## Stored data

----

lemma prob_mean_ge_le:
  fixes X :: "nat \<Rightarrow> 'a \<Rightarrow> real"
  assumes indep: "indep_vars (\<lambda>_. borel) X {1..n}" and "n \<ge> 1"
    and mgf: "\<And>k l. k \<in> {1..n} \<Longrightarrow>
      (\<integral>\<^sup>+\<omega>. ennreal (exp (l * (X k \<omega> - c))) \<partial>M) \<le> ennreal (\<kappa> * exp (\<alpha> * l\<^sup>2 / 4))"
    and "\<kappa> \<ge> 1" and "\<alpha> > 0" and "r > 0" and ce: "c - e \<le> sqrt (\<alpha> * ln \<kappa>)"
  shows "prob {\<omega> \<in> space M. (1 / real n) * (\<Sum>k=1..n. X k \<omega>) - e \<ge> r + 2 * sqrt (\<alpha> * ln \<kappa>)}
         \<le> exp (- real n * r\<^sup>2 / \<alpha>)"
proof -
  define s where "s = sqrt (\<alpha> * ln \<kappa>)"
  define t where "t = r + s"
  define \<theta> where "\<theta> = 2 * t / \<alpha>"
  define S where "S \<omega> = (\<Sum>k=1..n. X k \<omega> - c)" for \<omega>
  have [measurable]: "X k \<in> borel_measurable M" if "k \<in> {1..n}" for k
    using indep that unfolding indep_vars_def by auto
  have S_meas[measurable]: "S \<in> borel_measurable M"
    unfolding S_def by measurable
  have "s \<ge> 0" and s2: "s\<^sup>2 = \<alpha> * ln \<kappa>"
    using \<open>\<alpha> > 0\<close> \<open>\<kappa> \<ge> 1\<close> by (simp_all add: s_def)
  then have "\<theta> > 0" and t2: "r\<^sup>2 + \<alpha> * ln \<kappa> \<le> t\<^sup>2"
    using \<open>\<alpha> > 0\<close> \<open>r > 0\<close> by (auto simp: \<theta>_def t_def power2_eq_square algebra_simps)
  have subset: "{\<omega> \<in> space M. (1 / real n) * (\<Sum>k=1..n. X k \<omega>) - e \<ge> r + 2 * s}
      \<subseteq> {\<omega> \<in> space M. S \<omega> \<ge> real n * t}"
  proof safe
    fix \<omega> assume "\<omega> \<in> space M" "r + 2 * s \<le> 1 / real n * (\<Sum>k=1..n. X k \<omega>) - e"
    then have "real n * (r + 2 * s + e) \<le> (\<Sum>k=1..n. X k \<omega>)"
      using \<open>n \<ge> 1\<close> by (simp add: field_simps)
    moreover have "real n * (r + s + c) \<le> real n * (r + 2 * s + e)"
      using ce by (intro mult_left_mono) (auto simp: s_def)
    ultimately show "real n * t \<le> S \<omega>"
      by (simp add: S_def t_def sum_subtractf algebra_simps)
  qed
  have "emeasure M {\<omega> \<in> space M. S \<omega> \<ge> real n * t}
      \<le> ennreal (exp (- \<theta> * (real n * t))) * (\<integral>\<^sup>+\<omega>. ennreal (exp (\<theta> * S \<omega>)) * indicator (space M) \<omega> \<partial>M)"
    using \<open>\<theta> > 0\<close> by (intro Chernoff_ineq_nn_integral_ge) auto
  also have "(\<integral>\<^sup>+\<omega>. ennreal (exp (\<theta> * S \<omega>)) * indicator (space M) \<omega> \<partial>M)
      = (\<integral>\<^sup>+\<omega>. ennreal (exp (\<theta> * (\<Sum>k\<in>{1..n}. X k \<omega> - c))) \<partial>M)"
    by (intro nn_integral_cong) (simp add: S_def)
  also have "ennreal (exp (- \<theta> * (real n * t))) * \<dots>
      \<le> ennreal (exp (- \<theta> * (real n * t))) * ennreal ((\<kappa> * exp (\<alpha> * \<theta>\<^sup>2 / 4)) ^ card {1..n})"
    using indep_vars_compose2[OF indep, of "\<lambda>k x. x - c"] mgf \<open>\<kappa> \<ge> 1\<close>
    by (intro mult_left_mono nn_integral_exp_sum_le) auto
  also have "\<dots> \<le> ennreal (exp (- real n * r\<^sup>2 / \<alpha>))"
    using exp_chernoff_bound_le[OF \<open>\<alpha> > 0\<close> _ t2, of n] \<open>\<kappa> \<ge> 1\<close>
    by (simp add: \<theta>_def ennreal_mult'[symmetric] ennreal_leI)
  finally have "prob {\<omega> \<in> space M. S \<omega> \<ge> real n * t} \<le> exp (- real n * r\<^sup>2 / \<alpha>)"
    by (simp add: emeasure_eq_measure)
  moreover have "prob {\<omega> \<in> space M. (1 / real n) * (\<Sum>k=1..n. X k \<omega>) - e \<ge> r + 2 * s}
      \<le> prob {\<omega> \<in> space M. S \<omega> \<ge> real n * t}"
    using subset by (intro finite_measure_mono) measurable
  ultimately show ?thesis
    by (simp add: s_def)
qed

----

## Try it
Pull every line with "also" from the records.

## Output of the exercise
  also have "(\<integral>\<^sup>+\<omega>. ennreal (exp (\<theta> * S \<omega>)) * indicator (space M) \<omega> \<partial>M)
  also have "ennreal (exp (- \<theta> * (real n * t))) * \<dots>
  also have "\<dots> \<le> ennreal (exp (- real n * r\<^sup>2 / \<alpha>))"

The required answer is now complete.